Memory and Knowledge Solve Different Jobs

Knowledge retrieval focuses on finding relevant information by meaning, typically from unstructured sources such as policies, research papers, or historical conversations. Memory, in contrast, is about preserving facts, state, preferences, and outcomes over time so that future decisions are consistent, safe, and correct.

“We reached for embeddings out of habit, not because the agent actually needed them.”

Most of what operational agents need to remember is highly structured. Examples include whether consent has been captured, which workflow step is currently active, which actions have already been taken, or which constraints apply to a specific user, patient, or case. These are not fuzzy concepts. They are deterministic facts.

That distinction becomes clearer when viewed side by side.

Aspect	Knowledge Retrieval	Agent Memory
Primary goal	Find relevant text by meaning	Preserve facts and state over time
Data type	Unstructured or semi structured text	Structured or strongly typed data
Typical queries	“Find similar guidance”	“What is the current status?”
Tolerance for approximation	High	Very low
Compliance suitability	Limited	High

When an agent needs to know whether a patient has been transferred to theatre, or whether a customer has already been contacted, cosine similarity is not just unnecessary. It introduces risk. In these cases the correct operation is a primary key lookup or a filtered query, not a probabilistic match.

Where Vector Stores Actually Add Value

Vector databases excel when an agent needs to reason over large volumes of narrative content. Common examples include searching clinical notes, locating relevant policies, recalling earlier conversations by topic, or discovering related incidents across a corpus.

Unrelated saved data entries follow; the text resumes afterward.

text \<open>ind^l_k : X_{k,i} |-> X_{l,i}\<close>
definition indR :: "nat \<Rightarrow> nat \<Rightarrow> elt \<Rightarrow> elt" where
  "indR k l m = m"

text \<open>res^l_k (X_{l,i}) = p^(l-k) X_{k,i} if i <= k, = p^(l-i) X_{k,k} if i >= k\<close>
definition resR :: "nat \<Rightarrow> nat \<Rightarrow> nat \<Rightarrow> elt \<Rightarrow> elt" where
  "resR p l k m = (\<lambda>j. if j < k then int p ^ (l - k) * m j
     else if j = k then (\<Sum>i\<in>{k..l}. m i * int p ^ (l - i))
     else 0)"

text \<open>jnd^l_k, the multiplicative (norm) map, with the given integer formula
  (the quotients are exact; we use integer division).\<close>
definition jndR :: "nat \<Rightarrow> nat \<Rightarrow> nat \<Rightarrow> elt \<Rightarrow> elt" where
  "jndR p k l m = (\<lambda>i.
     if i = l then m k
     else if k \<le> i \<and> i < l then
       (m k ^ (p ^ (l - i)) - m k ^ (p ^ (l - i - 1))) div int p ^ (l - i)
     else if i < k then
       ((\<Sum>s\<in>{i..k}. m s * int p ^ (k - s)) ^ (p ^ (l - k))
        - (\<Sum>s\<in>{i+1..k}. m s * int p ^ (k - s)) ^ (p ^ (l - k))) div int p ^ (l - i)
     else 0)"

definition is_tambara_ideal :: "nat \<Rightarrow> nat \<Rightarrow> (nat \<Rightarrow> elt set) \<Rightarrow> bool" where
  "is_tambara_ideal p n I \<longleftrightarrow>
     (\<forall>k\<le>n. is_idealR p k (I k)) \<and>
     (\<forall>k. 1 \<le> k \<and> k \<le> n \<longrightarrow>
        indR (k - 1) k ` I (k - 1) \<subseteq> I k \<and>
        resR p k (k - 1) ` I k \<subseteq> I (k - 1) \<and>
        jndR p (k - 1) k ` I (k - 1) \<subseteq> I k)"

definition proper_tambara_ideal :: "nat \<Rightarrow> nat \<Rightarrow> (nat \<Rightarrow> elt set) \<Rightarrow> bool" where
  "proper_tambara_ideal p n I \<longleftrightarrow> is_tambara_ideal p n I \<and> I 0 \<noteq> carrierR 0"

definition prime_tambara_ideal :: "nat \<Rightarrow> nat \<Rightarrow> (nat \<Rightarrow> elt set) \<Rightarrow> bool" where
  "prime_tambara_ideal p n I \<longleftrightarrow> proper_tambara_ideal p n I \<and>
     (\<forall>k l a b. l \<le> k \<and> k \<le> n \<and> a \<in> carrierR k \<and> b \<in> carrierR l \<longrightarrow>
        (\<forall>i\<le>k. \<forall>j\<le>l.
           multR p (max i j) (jndR p i (max i j) (resR p k i a))
                             (jndR p j (max i j) (resR p l j b)) \<in> I (max i j))
        \<longrightarrow> a \<in> I k \<or> b \<in> I l)"

definition Lset :: "nat \<Rightarrow> (nat \<Rightarrow> elt set) \<Rightarrow> nat \<Rightarrow> elt set" where
  "Lset p I j = (if j = 0 then carrierR 0
                 else {a \<in> carrierR j. resR p j (j - 1) a \<in> I (j - 1)})"

definition condP :: "nat \<Rightarrow> (nat \<Rightarrow> elt set) \<Rightarrow> nat \<Rightarrow> bool" where
  "condP p I k \<longleftrightarrow> (\<forall>i\<le>k. \<forall>a\<in>Lset p I k. \<forall>b\<in>Lset p I i - I i.
      multR p k a (jndR p i k b) \<in> I k \<longrightarrow> a \<in> I k)"

end

theory Submission
  imports Defs "HOL-Number_Theory.Number_Theory"
begin

text \<open>An element x of R_k is determined by its marks
  mark_j(x) = x_j p^(k-j) + ... + x_k, 0 \<le> j \<le> k (the number of points fixed by the
  subgroup of order p^j). In marks, res forgets the levels above its target and jnd^l_k acts by
  mark_j(jnd x) = mark_(min j k)(x)^(p^(l - max j k)); that the integer quotients defining jnd are
  exact, and this identity, follow from Fermat and from a \<equiv> b mod p^e \<Longrightarrow>
  a^(p^t) \<equiv> b^(p^t) mod p^(e+t) for e \<ge> 1. Hence res and jnd are transitive and an ideal is
  carried by them to every intermediate level.

  If the ideal is prime and a \<in> L_k, b \<in> L_i - I_i, then res a and res b lie in the ideal
  below levels k and i, so every test product for (a, b) except a * jnd^k_i b is in the ideal.
  Conversely, if a \<notin> I_k and b \<notin> I_l, take the least levels i, j at which their
  restrictions leave the ideal: there they lie in the L-sets, and the test product at (i, j)
  contradicts condition P at level max i j.\<close>

lemma cong_pow_prime_int:
  fixes a :: int
  assumes "prime p"
  shows "[a ^ p = a] (mod int p)"
proof -
  have p: "p > 0" using assms prime_gt_0_nat by blast
  have nat_case: "[b ^ p = b] (mod p)" for b :: nat
  proof (cases "p dvd b")
    case True
    moreover have "p dvd b ^ p" using True p by (meson dvd_power dvd_trans)
    ultimately show ?thesis by (simp add: cong_def dvd_imp_mod_0)
  next
    case False
    have "[b ^ (p - 1) * b = 1 * b] (mod p)"
      using fermat_theorem[OF assms False] by (rule cong_mult) (rule cong_refl)
    then show ?thesis by (simp only: power_minus_mult[OF p] mult_1)
  qed
  define b where "b = nat (a mod int p)"
  have b: "[int b = a] (mod int p)" using p by (simp add: b_def cong_def)
  have "[a ^ p = int b ^ p] (mod int p)" using b by (simp add: cong_pow cong_sym)
  also have "[int b ^ p = int b] (mod int p)"
    using nat_case[of b] by (metis cong_int_iff of_nat_power)
  also note b
  finally show ?thesis .
qed

lemma prime_power_dvd_diff_pow_prime:
  fixes a b :: int
  assumes "prime p" and "e \<ge> 1" and "int p ^ e dvd a - b"
  shows "int p ^ (e + 1) dvd a ^ p - b ^ p"
proof -
  have "int p dvd int p ^ e" using assms(2) by (simp add: dvd_power)
  then have ab: "[a = b] (mod int p)" using assms(3) by (simp add: cong_iff_dvd_diff dvd_trans)
  have "[(\<Sum>i<p. b ^ (p - Suc i) * a ^ i) = (\<Sum>i<p. b ^ (p - Suc i) * b ^ i)] (mod int p)"
    by (intro cong_sum cong_mult cong_refl cong_pow ab)
  also have "(\<Sum>i<p. b ^ (p - Suc i) * b ^ i) = (\<Sum>i<p. b ^ (p - 1))"
    by (intro sum.cong refl) (simp flip: power_add)
  finally have "int p dvd (\<Sum>i<p. b ^ (p - Suc i) * a ^ i)"
    by (simp add: cong_dvd_iff)
  with assms(3) have "int p ^ e * int p dvd (a - b) * (\<Sum>i<p. b ^ (p - Suc i) * a ^ i)"
    by (rule mult_dvd_mono)
  then show ?thesis by (simp add: power_diff_sumr2 mult.commute)
qed

lemma prime_power_dvd_diff_pow_prime_power:
  fixes a b :: int
  assumes "prime p" and "e \<ge> 1" and "int p ^ e dvd a - b"
  shows "int p ^ (e + t) dvd a ^ (p ^ t) - b ^ (p ^ t)"
proof (induction t)
  case 0
  then show ?case using assms(3) by simp
next
  case (Suc t)
  then have "int p ^ (e + t + 1) dvd (a ^ p ^ t) ^ p - (b ^ p ^ t) ^ p"
    using prime_power_dvd_diff_pow_prime[OF assms(1)] assms(2) by simp
  then show ?case by (simp add: power_mult[symmetric] mult.commute)
qed

lemma prime_power_dvd_pow_prime_power_diff:
  fixes a :: int
  assumes "prime p" and "t \<ge> 1"
  shows "int p ^ t dvd a ^ (p ^ t) - a ^ (p ^ (t - 1))"
proof -
  have "int p ^ 1 dvd a ^ p - a"
    using cong_pow_prime_int[OF assms(1)] by (simp add: cong_iff_dvd_diff)
  then have "int p ^ (1 + (t - 1)) dvd (a ^ p) ^ (p ^ (t - 1)) - a ^ (p ^ (t - 1))"
    by (rule prime_power_dvd_diff_pow_prime_power[OF assms(1) order_refl])
  moreover have "(a ^ p) ^ (p ^ (t - 1)) = a ^ (p ^ t)"
    using assms(2) by (metis Suc_diff_1 less_le_trans power_Suc power_mult zero_less_one)
  ultimately show ?thesis using assms(2) by simp
qed

definition mark :: "nat \<Rightarrow> nat \<Rightarrow> nat \<Rightarrow> elt \<Rightarrow> int" where
  "mark p k j x = (\<Sum>s\<in>{j..k}. x s * int p ^ (k - s))"

lemma mark_top: "mark p k k x = x k"
  by (simp add: mark_def)

lemma mark_Suc: "j < k \<Longrightarrow> mark p k j x = x j * int p ^ (k - j) + mark p k (Suc j) x"
  unfolding mark_def by (simp add: sum.atLeast_Suc_atMost)

lemma carrierR_eqI_marks:
  assumes "p > 0" and "x \<in> carrierR k" and "y \<in> carrierR k"
    and "\<And>j. j \<le> k \<Longrightarrow> mark p k j x = mark p k j y"
  shows "x = y"
proof
  fix j
  show "x j = y j"
  proof (cases "j < k")
    case True
    then have "x j * int p ^ (k - j) = y j * int p ^ (k - j)"
      using mark_Suc[OF True, of p x] mark_Suc[OF True, of p y] assms(4)[of j] assms(4)[of "Suc j"]
      by linarith
    then show ?thesis using assms(1) by simp
  next
    case False
    then show ?thesis
      using assms(2,3) assms(4)[of k] by (cases "j = k") (auto simp: carrierR_def mark_top)
  qed
qed

lemma resR_carrierR: "resR p l k x \<in> carrierR k"
  by (simp add: carrierR_def resR_def)

lemma jndR_carrierR: "k \<le> l \<Longrightarrow> jndR p k l x \<in> carrierR l"
  by (simp add: carrierR_def jndR_def)

lemma multR_commute: "multR p k x y = multR p k y x"
proof
  fix j
  have "(if min i l = j then x i * y l * int p ^ (k - max i l) else 0)
      = (if min l i = j then y l * x i * int p ^ (k - max l i) else 0)" for i l
    by (simp add: min.commute max.commute mult.commute)
  then have "(\<Sum>i\<le>k. \<Sum>l\<le>k. if min i l = j then x i * y l * int p ^ (k - max i l) else 0)
      = (\<Sum>l\<le>k. \<Sum>i\<le>k. if min l i = j then y l * x i * int p ^ (k - max l i) else 0)"
    using sum.swap by simp
  then show "multR p k x y j = multR p k y x j"
    by (simp add: multR_def)
qed

lemma mark_resR:
  assumes "k \<le> l" and "j \<le> k"
  shows "mark p k j (resR p l k x) = mark p l j x"
proof -
  have split: "{j..l} = {j..<k} \<union> {k..l}" "{j..k} = {j..<k} \<union> {k}"
    and disjoint: "{j..<k} \<inter> {k..l} = {}"
    using assms by auto
  have "(\<Sum>s\<in>{j..<k}. resR p l k x s * int p ^ (k - s)) = (\<Sum>s\<in>{j..<k}. x s * int p ^ (l - s))"
  proof (intro sum.cong refl)
    fix s assume "s \<in> {j..<k}"
    then have "int p ^ (l - s) = int p ^ (l - k) * int p ^ (k - s)"
      using assms by (simp flip: power_add)
    then show "resR p l k x s * int p ^ (k - s) = x s * int p ^ (l - s)"
      using \<open>s \<in> {j..<k}\<close> by (simp add: resR_def)
  qed
  then show ?thesis
    unfolding mark_def split by (simp add: sum.union_disjoint disjoint resR_def)
qed

lemma resR_id: "x \<in> carrierR k \<Longrightarrow> resR p k k x = x"
  by (auto simp: resR_def carrierR_def fun_eq_iff)

lemma resR_trans:
  assumes "p > 0" and "x \<in> carrierR l" and "j \<le> k" and "k \<le> l"
  shows "resR p k j (resR p l k x) = resR p l j x"
  using assms by (intro carrierR_eqI_marks[where k = j]) (auto simp: resR_carrierR mark_resR)

lemma jndR_id:
  assumes "p > 0" and "x \<in> carrierR k"
  shows "jndR p k k x = x"
proof
  fix i
  show "jndR p k k x i = x i"
  proof (cases "i < k")
    case True
    then have "(\<Sum>s\<in>{i..k}. x s * int p ^ (k - s)) - (\<Sum>s\<in>{i+1..k}. x s * int p ^ (k - s))
        = x i * int p ^ (k - i)"
      by (simp add: sum.atLeast_Suc_atMost)
    then show ?thesis using True assms(1) by (simp add: jndR_def)
  next
    case False
    then show ?thesis using assms(2) by (auto simp: jndR_def carrierR_def)
  qed
qed

lemma jndR_coeff:
  assumes "prime p" and "k \<le> l" and "j < l"
  shows "jndR p k l x j * int p ^ (l - j) =
    mark p k (min j k) x ^ p ^ (l - max j k) - mark p k (min (Suc j) k) x ^ p ^ (l - max (Suc j) k)"
proof (cases "k \<le> j")
  case True
  have "int p ^ (l - j) dvd x k ^ p ^ (l - j) - x k ^ p ^ (l - j - 1)"
    using prime_power_dvd_pow_prime_power_diff[OF assms(1), of "l - j"] assms(3) by simp
  then show ?thesis using True assms(3) by (simp add: jndR_def mark_top diff_diff_left)
next
  case False
  then have "mark p k j x - mark p k (Suc j) x = x j * int p ^ (k - j)"
    by (simp add: mark_Suc)
  then have "int p ^ (k - j + (l - k)) dvd mark p k j x ^ p ^ (l - k) - mark p k (Suc j) x ^ p ^ (l - k)"
    using False by (intro prime_power_dvd_diff_pow_prime_power[OF assms(1)]) simp_all
  moreover have "k - j + (l - k) = l - j" using False assms(2) by simp
  ultimately show ?thesis
    using False assms(3) by (simp add: jndR_def mark_def Suc_le_eq)
qed

lemma mark_jndR:
  assumes "prime p" and "k \<le> l" and "j \<le> l"
  shows "mark p l j (jndR p k l x) = mark p k (min j k) x ^ p ^ (l - max j k)"
  using assms(3)
proof (induction j rule: inc_induct)
  case base
  then show ?case using assms(2) by (simp add: mark_top jndR_def)
next
  case (step j)
  then show ?case
    using mark_Suc[OF step.hyps(2)] jndR_coeff[OF assms(1,2) step.hyps(2)] by simp
qed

Problems emerge when teams attempt to use vector stores as a general purpose memory layer. This often leads to higher cost, increased latency, weaker explainability, and more complex data governance, without improving decision quality for most operational tasks.

In mature agent architectures, vector memory is therefore complementary rather than foundational. The dominant pattern is hybrid memory, where structured systems hold authoritative state and vector systems provide contextual enrichment when semantic reasoning is genuinely required.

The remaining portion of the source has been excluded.